Tombstone removal improvement in 1.2
In the post “When to use Leveled Compaction”, there is mention about “more frequent tombstone removal” in upcoming 1.2 release, so today I will explain the motivation, behind the scene of this improvement.
Size tiered compaction gathers SSTables of similar size and compacts them together into one big SSTable. Because of its characteristics, larger SSTables are hard to find compaction peers and tend to be left untouched over time. If a lot of TTLed columns and tombstones are contained inside those large SSTables, then the chance of removing tombstones from disk during periodic compaction is low, and you have to manually perform user defined compaction in order to recover disk space.
More frequent tombstone removal
What if we know how many tombstones can be removed at certain time?
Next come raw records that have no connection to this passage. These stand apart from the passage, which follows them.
(* Let $x=\prod_{n\ge1}01^n=0\,1\,0\,11\,0\,111\,0\,1111\cdots\in\{0,1\}^\omega$, and define $\varphi:\{0,1\}^+\to\{0,1\}$ by $\varphi(u)=0$ if $u\in\mathrm{Fact}(x)$ and $\varphi(u)=1$ otherwise. Then no suffix of $x$ admits a $\varphi$-ultra monochromatic factorization.
   Context: $\mathrm{Fact}(x)$ is the set of non-empty finite factors of $x$. A factorization $x'=V_0V_1V_2\cdots$ with all $V_i$ non-empty is $\varphi$-ultra monochromatic if there is a color $c$ such that for all $k\ge1$, all $0\le n_1<\cdots<n_k$ and all permutations $\sigma$ of $\{1,\dots,k\}$, $\varphi(V_{n_{\sigma(1)}}\cdots V_{n_{\sigma(k)}})=c$. *)

theory Defs
  imports "HOL-Combinatorics.Permutations"
begin

text \<open>Infinite binary words are functions nat => bool (False = 0, True = 1);
finite words are lists.\<close>

text \<open>Block n (n >= 1) of x is 0 1^n, of length n+1, starting at position
(n-1)(n+2)/2. Hence x i = 0 exactly at these block starts.\<close>
definition xword :: "nat \<Rightarrow> bool" where
  "xword i = (\<not> (\<exists>n\<ge>1. i = (n - 1) * (n + 2) div 2))"

definition prefix_word :: "(nat \<Rightarrow> bool) \<Rightarrow> nat \<Rightarrow> bool list" where
  "prefix_word w l = map w [0..<l]"

definition Fact :: "(nat \<Rightarrow> bool) \<Rightarrow> bool list set" where
  "Fact w = {u. u \<noteq> [] \<and> (\<exists>i. u = map (\<lambda>j. w (i + j)) [0..<length u])}"

definition phi :: "bool list \<Rightarrow> bool" where
  "phi u = (u \<notin> Fact xword)"

definition suffix_from :: "(nat \<Rightarrow> bool) \<Rightarrow> nat \<Rightarrow> nat \<Rightarrow> bool" where
  "suffix_from w m = (\<lambda>k. w (m + k))"

definition is_factorization :: "(nat \<Rightarrow> bool) \<Rightarrow> (nat \<Rightarrow> bool list) \<Rightarrow> bool" where
  "is_factorization w V \<longleftrightarrow>
     (\<forall>n. V n \<noteq> []) \<and>
     (\<forall>n j. j < length (V n) \<longrightarrow> w ((\<Sum>i<n. length (V i)) + j) = V n ! j)"

definition ultra_mono :: "(bool list \<Rightarrow> 'c) \<Rightarrow> (nat \<Rightarrow> bool list) \<Rightarrow> bool" where
  "ultra_mono f V \<longleftrightarrow> (\<exists>c. \<forall>k (ns :: nat \<Rightarrow> nat) \<sigma>.
      k \<ge> 1 \<longrightarrow> (\<forall>i j. i < j \<longrightarrow> j < k \<longrightarrow> ns i < ns j) \<longrightarrow> \<sigma> permutes {..<k} \<longrightarrow>
      f (concat (map (\<lambda>i. V (ns (\<sigma> i))) [0..<k])) = c)"

end

theory Submission
  imports Defs
begin

text \<open>The zeros of x sit at the positions zero_pos k, and the run of ones following the zero at
zero_pos k has length k + 1, so the runs of ones in x get strictly longer from left to right.
The colour of a monochromatic factorization is that of its first block, a factor of x, so every
product of blocks in any order is a factor of x. Infinitely many blocks contain a 0; pick three of
them, X, Y, Z. In XYZ the run of ones across the junction X|Y precedes the one across Y|Z, hence is
shorter. Adding these inequalities for the three rotations XYZ, YZX, ZXY gives s < s.\<close>

fun zero_pos :: "nat \<Rightarrow> nat" where
  "zero_pos 0 = 0"
| "zero_pos (Suc k) = zero_pos k + k + 2"

lemma two_zero_pos: "2 * zero_pos k = k * (k + 3)"
  by (induction k) (auto simp: algebra_simps)

lemma zero_pos_ge: "k \<le> zero_pos k"
  by (induction k) auto

lemma strict_mono_zero_pos: "strict_mono zero_pos"
  by (rule strict_mono_Suc_iff[THEN iffD2]) simp

lemma xword_eq_False_iff: "\<not> xword i \<longleftrightarrow> i \<in> range zero_pos"
proof
  assume "\<not> xword i"
  then obtain n where "n \<ge> 1" "i = (n - 1) * (n + 2) div 2"
    unfolding xword_def by auto
  moreover from \<open>n \<ge> 1\<close> obtain k where "n = Suc k"
    using not0_implies_Suc by fastforce
  ultimately have "i = k * (k + 3) div 2"
    by (simp add: algebra_simps)
  then have "i = zero_pos k"
    using two_zero_pos[of k] by simp
  then show "i \<in> range zero_pos" by blast
next
  assume "i \<in> range zero_pos"
  then obtain k where "i = zero_pos k" by blast
  then have "i = (Suc k - 1) * (Suc k + 2) div 2"
    using two_zero_pos[of k] by (simp add: algebra_simps)
  then show "\<not> xword i"
    unfolding xword_def by (metis le_add1 plus_1_eq_Suc)
qed

definition ones_run :: "(nat \<Rightarrow> bool) \<Rightarrow> nat \<Rightarrow> nat \<Rightarrow> bool" where
  "ones_run w p a \<longleftrightarrow> \<not> w p \<and> \<not> w (p + a + 1) \<and> (\<forall>t. 0 < t \<and> t \<le> a \<longrightarrow> w (p + t))"

lemma ones_run_xword:
  assumes "ones_run xword (zero_pos k) a"
  shows "a = Suc k"
proof -
  obtain k' where k': "zero_pos k + a + 1 = zero_pos k'"
    using assms xword_eq_False_iff unfolding ones_run_def by blast
  then have "zero_pos k < zero_pos k'"
    by simp
  then have "k < k'"
    using strict_mono_less[OF strict_mono_zero_pos] by blast
  have "k' = Suc k"
  proof (rule ccontr)
    assume "k' \<noteq> Suc k"
    with \<open>k < k'\<close> have "Suc k < k'"
      by simp
    then have "zero_pos (Suc k) < zero_pos k'"
      by (rule strict_monoD[OF strict_mono_zero_pos])
    then have "k + 2 \<le> a"
      using k' by simp
    then have "xword (zero_pos k + (k + 2))"
      using assms unfolding ones_run_def by (metis zero_less_Suc add_2_eq_Suc')
    moreover have "zero_pos k + (k + 2) = zero_pos (Suc k)"
      by simp
    ultimately show False
      using xword_eq_False_iff by (metis rangeI)
  qed
  with k' show "a = Suc k" by simp
qed

lemma ones_run_xword_increasing:
  assumes "ones_run xword p a" "ones_run xword p' a'" "p < p'"
  shows "a < a'"
proof -
  obtain k where k: "p = zero_pos k"
    using assms(1) xword_eq_False_iff unfolding ones_run_def by blast
  obtain k' where k': "p' = zero_pos k'"
    using assms(2) xword_eq_False_iff unfolding ones_run_def by blast
  have "k < k'"
    using assms(3) k k' strict_mono_less[OF strict_mono_zero_pos] by blast
  moreover have "a = Suc k" "a' = Suc k'"
    using assms(1,2) k k' ones_run_xword by blast+
  ultimately show ?thesis
    by simp
qed

lemma ones_run_in_factor:
  assumes u: "u = map (\<lambda>j. w (i + j)) [0..<length u]"
    and split: "u = P @ False # replicate a True @ False # Q"
  shows "ones_run w (i + length P) a"
proof -
  have w_nth: "w (i + t) = u ! t" if "t < length u" for t
    using that by (subst u) simp
  have len: "length u = length P + a + 2 + length Q"
    using split by simp
  have "u ! (length P + t) = (0 < t \<and> t \<le> a)" if "t \<le> a + 1" for t
    using that unfolding split by (cases t) (auto simp: nth_append)
  then have run: "w (i + length P + t) = (0 < t \<and> t \<le> a)" if "t \<le> a + 1" for t
    using that len w_nth[of "length P + t"] by (simp add: add.assoc)
  show ?thesis
    unfolding ones_run_def using run[of 0] run[of "a + 1"] run by auto
qed

lemma Fact_xword_runs_increasing:
  assumes "u \<in> Fact xword"
    and "u = P @ False # replicate a True @ False # Q"
    and "u = P' @ False # replicate a' True @ False # Q'"
    and "length P < length P'"
  shows "a < a'"
proof -
  obtain i where u: "u = map (\<lambda>j. xword (i + j)) [0..<length u]"
    using assms(1) unfolding Fact_def by blast
  have "i + length P < i + length P'"
    using assms(4) by simp
  then show ?thesis
    using ones_run_xword_increasing ones_run_in_factor[OF u assms(2)]
      ones_run_in_factor[OF u assms(3)] by blast
qed

definition lead_ones :: "bool list \<Rightarrow> nat" where
  "lead_ones u = length (takeWhile id u)"

definition trail_ones :: "bool list \<Rightarrow> nat" where
  "trail_ones u = lead_ones (rev u)"

lemma lead_ones_split:
  assumes "False \<in> set u"
  obtains v where "u = replicate (lead_ones u) True @ False # v"
proof -
  have ones: "takeWhile id u = replicate (lead_ones u) True"
    unfolding lead_ones_def by (rule replicate_eqI) (auto dest: set_takeWhileD)
  have "dropWhile id u \<noteq> []"
    using assms by auto
  then obtain b v where bv: "dropWhile id u = b # v"
    by (cases "dropWhile id u") auto
  then have "b = False"
    using hd_dropWhile[of id u] by simp
  then have "u = replicate (lead_ones u) True @ False # v"
    using takeWhile_dropWhile_id[of id u] ones bv by simp
  then show ?thesis
    by (rule that)
qed

lemma trail_ones_split:
  assumes "False \<in> set u"
  obtains v where "u = v @ False # replicate (trail_ones u) True"
proof -
  from assms have "False \<in> set (rev u)"
    by simp
  then obtain v where "rev u = replicate (trail_ones u) True @ False # v"
    unfolding trail_ones_def by (rule lead_ones_split)
  then have "u = rev v @ False # replicate (trail_ones u) True"
    by (metis rev_rev_ident rev.simps(2) rev_append rev_replicate append_assoc append_Cons append_Nil)
  then show ?thesis
    by (rule that)
qed

lemma Fact_xword_junction_runs_increasing:
  assumes "X @ Y @ Z \<in> Fact xword" "False \<in> set X" "False \<in> set Y" "False \<in> set Z"
  shows "trail_ones X + lead_ones Y < trail_ones Y + lead_ones Z"
proof -
  obtain X' where X: "X = X' @ False # replicate (trail_ones X) True"
    using assms(2) by (rule trail_ones_split)
  obtain Y' where Y': "Y = replicate (lead_ones Y) True @ False # Y'"
    using assms(3) by (rule lead_ones_split)
  obtain Y'' where Y'': "Y = Y'' @ False # replicate (trail_ones Y) True"
    using assms(3) by (rule trail_ones_split)
  obtain Z' where Z: "Z = replicate (lead_ones Z) True @ False # Z'"
    using assms(4) by (rule lead_ones_split)
  have "X @ Y @ Z = X' @ False # replicate (trail_ones X + lead_ones Y) True @ False # Y' @ Z"
    by (subst X, subst Y') (simp add: replicate_add)
  moreover have "X @ Y @ Z = (X @ Y'') @ False # replicate (trail_ones Y + lead_ones Z) True @ False # Z'"
    by (subst Y'', subst Z) (simp add: replicate_add)
  moreover have "length X' < length (X @ Y'')"
    using arg_cong[OF X, of length] by simp
  ultimately show ?thesis
    by (rule Fact_xword_runs_increasing[OF assms(1)])
qed

lemma factorization_block_in_Fact:
  assumes "is_factorization (suffix_from w m) V"
  shows "V n \<in> Fact w"
proof -
  let ?i = "m + (\<Sum>i<n. length (V i))"
  have "V n = map (\<lambda>j. w (?i + j)) [0..<length (V n)]"
    using assms unfolding is_factorization_def suffix_from_def
    by (intro nth_equalityI) (simp_all add: add.assoc)
  moreover have "V n \<noteq> []"
    using assms unfolding is_factorization_def by blast
  ultimately show ?thesis
    unfolding Fact_def by blast
qed

lemma factorization_covers:
  assumes fac: "is_factorization w V" and p: "(\<Sum>i<N. length (V i)) \<le> p"
  obtains n where "N \<le> n" "w p \<in> set (V n)"
proof -
  define off where "off n = (\<Sum>i<n. length (V i))" for n
  have off_ge: "n \<le> off n" for n
  proof -
    have "length (V i) \<ge> 1" for i
      using fac unfolding is_factorization_def by (simp add: Suc_leI)
    then have "(\<Sum>i<n. 1) \<le> off n"
      unfolding off_def by (intro sum_mono) simp
    then show ?thesis by simp
  qed
  have "p < off (N + Suc p)"
    using off_ge[of "N + Suc p"] by simp
  moreover have "\<not> p < off (N + 0)"
    using p unfolding off_def by simp
  ultimately obtain k where k: "\<not> p < off (N + k)" "p < off (N + Suc k)"
    using ex_least_nat_less[of "\<lambda>k. p < off (N + k)"] by blast
  define j where "j = p - off (N + k)"
  have j: "j < length (V (N + k))" and "p = off (N + k) + j"
    using k unfolding j_def off_def by simp_all
  then have "w p = V (N + k) ! j"
    using fac unfolding is_factorization_def off_def by simp
  with j show ?thesis
    using that[of "N + k"] by simp
qed

lemma xword_factorization_zero_blocks:
  assumes "is_factorization (suffix_from xword m) V"
  obtains n where "N \<le> n" "False \<in> set (V n)"
proof -
  let ?q = "m + (\<Sum>i<N. length (V i))"
  have "?q \<le> zero_pos ?q"
    by (rule zero_pos_ge)
  then have zero: "suffix_from xword m (zero_pos ?q - m) = False"
    using xword_eq_False_iff unfolding suffix_from_def by simp
  have "(\<Sum>i<N. length (V i)) \<le> zero_pos ?q - m"
    using \<open>?q \<le> zero_pos ?q\<close> by simp
  then obtain n where "N \<le> n" "suffix_from xword m (zero_pos ?q - m) \<in> set (V n)"
    by (rule factorization_covers[OF assms])
  with zero show ?thesis
    using that by simp
qed

lemma rotation_permutes:
  "(\<lambda>i::nat. if i < k then (i + r) mod k else i) permutes {..<k}"
proof (rule bij_imp_permutes)
  let ?f = "\<lambda>i. if i < k then (i + r) mod k else i"
  have cancel: "x = y" if "x < k" "y < k" "(x + r) mod k = (y + r) mod k" for x y
  proof -
    have "x mod k = y mod k"
      using that(3) by (simp add: nat_mod_eq_iff)
    with that(1,2) show ?thesis
      by simp
  qed
  have inj: "inj_on ?f {..<k}"
    by (auto simp: inj_on_def intro: cancel)
  then have "?f ` {..<k} = {..<k}"
    by (intro endo_inj_surj) auto
  with inj show "bij_betw ?f {..<k} {..<k}"
    unfolding bij_betw_def by blast
qed simp

lemma ultra_mono_colour:
  assumes "ultra_mono f V" "k \<ge> 1" "\<forall>i j. i < j \<longrightarrow> j < k \<longrightarrow> ns i < ns j" "\<sigma> permutes {..<k}"
  shows "f (concat (map (\<lambda>i. V (ns (\<sigma> i))) [0..<k])) = f (V 0)"
proof -
  obtain c where c: "\<And>k ns \<sigma>. k \<ge> 1 \<Longrightarrow> \<forall>i j. i < j \<longrightarrow> j < k \<longrightarrow> ns i < ns j \<Longrightarrow>
      \<sigma> permutes {..<k} \<Longrightarrow> f (concat (map (\<lambda>i. V (ns (\<sigma> i))) [0..<k])) = c"
    using assms(1) unfolding ultra_mono_def by blast
  have "f (V 0) = c"
    using c[of 1 "\<lambda>_. 0" id] by simp
  with c assms(2-4) show ?thesis
    by simp
qed

lemma ultra_mono_rotations:
  assumes "ultra_mono f V" "a < b" "b < d"
  shows "f (V a @ V b @ V d) = f (V 0)" "f (V b @ V d @ V a) = f (V 0)"
    "f (V d @ V a @ V b) = f (V 0)"
proof -
  let ?ns = "\<lambda>i::nat. [a, b, d] ! i"
  have ns: "\<forall>i j. i < j \<longrightarrow> j < 3 \<longrightarrow> ?ns i < ?ns j"
    using assms(2,3) by (auto simp: less_Suc_eq numeral_3_eq_3)
  have upt3: "[0..<3] = [0, 1, 2::nat]"
    by (simp add: upt_rec)
  show "f (V a @ V b @ V d) = f (V 0)" "f (V b @ V d @ V a) = f (V 0)"
    "f (V d @ V a @ V b) = f (V 0)"
    using ultra_mono_colour[OF assms(1) _ ns rotation_permutes, of 0]
      ultra_mono_colour[OF assms(1) _ ns rotation_permutes, of 1]
      ultra_mono_colour[OF assms(1) _ ns rotation_permutes, of 2]
    by (simp_all add: upt3)
qed

theorem mainTheorem13:
  shows "\<not> (\<exists>m V. is_factorization (suffix_from xword m) V \<and> ultra_mono phi V)"
proof
  assume "\<exists>m V. is_factorization (suffix_from xword m) V \<and> ultra_mono phi V"
  then obtain m V where fac: "is_factorization (suffix_from xword m) V" and um: "ultra_mono phi V"
    by blast
  obtain a where a: "False \<in> set (V a)"
    using xword_factorization_zero_blocks[OF fac, of 0] by blast
  obtain b where b: "Suc a \<le> b" "False \<in> set (V b)"
    by (rule xword_factorization_zero_blocks[OF fac])
  obtain d where d: "Suc b \<le> d" "False \<in> set (V d)"
    by (rule xword_factorization_zero_blocks[OF fac])
  have "phi (V 0) = False"
    using factorization_block_in_Fact[OF fac] unfolding phi_def by blast
  then have abd: "V a @ V b @ V d \<in> Fact xword" and bda: "V b @ V d @ V a \<in> Fact xword"
      and dab: "V d @ V a @ V b \<in> Fact xword"
    using ultra_mono_rotations[OF um, of a b d] b d unfolding phi_def by auto
  show False
    using Fact_xword_junction_runs_increasing[OF abd a b(2) d(2)]
      Fact_xword_junction_runs_increasing[OF bda b(2) d(2) a]
      Fact_xword_junction_runs_increasing[OF dab d(2) a b(2)]
    by linarith
qed

end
If we do, we can compact large SSTable alone to remove those tombstones automatically. That’s what CASSANDRA–3442 is about. From version 1.2, Cassandra tracks tombstone droppable time for all TTLed/deleted columns and performs standalone compaction onto an SSTable that has droppable tombstones ratio against all columns above certain threshold. The threshold has default value of 20% or 0.2, and you can configure threshold by providing compaction parameter tombstone_threshold when creating column family.
Behind the scene
Each SSTable carries statistics like histogram of row size and column count for written data inside Stats.db file. From version 1.2, when writing an SSTable to disk, Cassandra tracks tombstone removable time for all TTLed/deleted columns and store them to Stats.db. We cannot store all those information because number of columns sometimes goes up to billions. So instead, Cassandra constructs histogram from streaming of columns using algorithm described in this paper. The resulting histogram looks like bellow.
Here, horizontal axis represents buckets of unix timestamp at which tombstones are droppable, and vertical axis shows number of droppable tombstones at that time range. Using this histogram combined with total number of columns, we can estimate the ratio of tombstones that are droppable at the time of compaction.
In version 1.2, Cassandra performs standalone compaction based on droppable tombstones ratio of an SSTable. With this improvements, tombstones are more frequently removed from disk. The work on leveled compaction strategy is still under development, but is expected also in 1.2.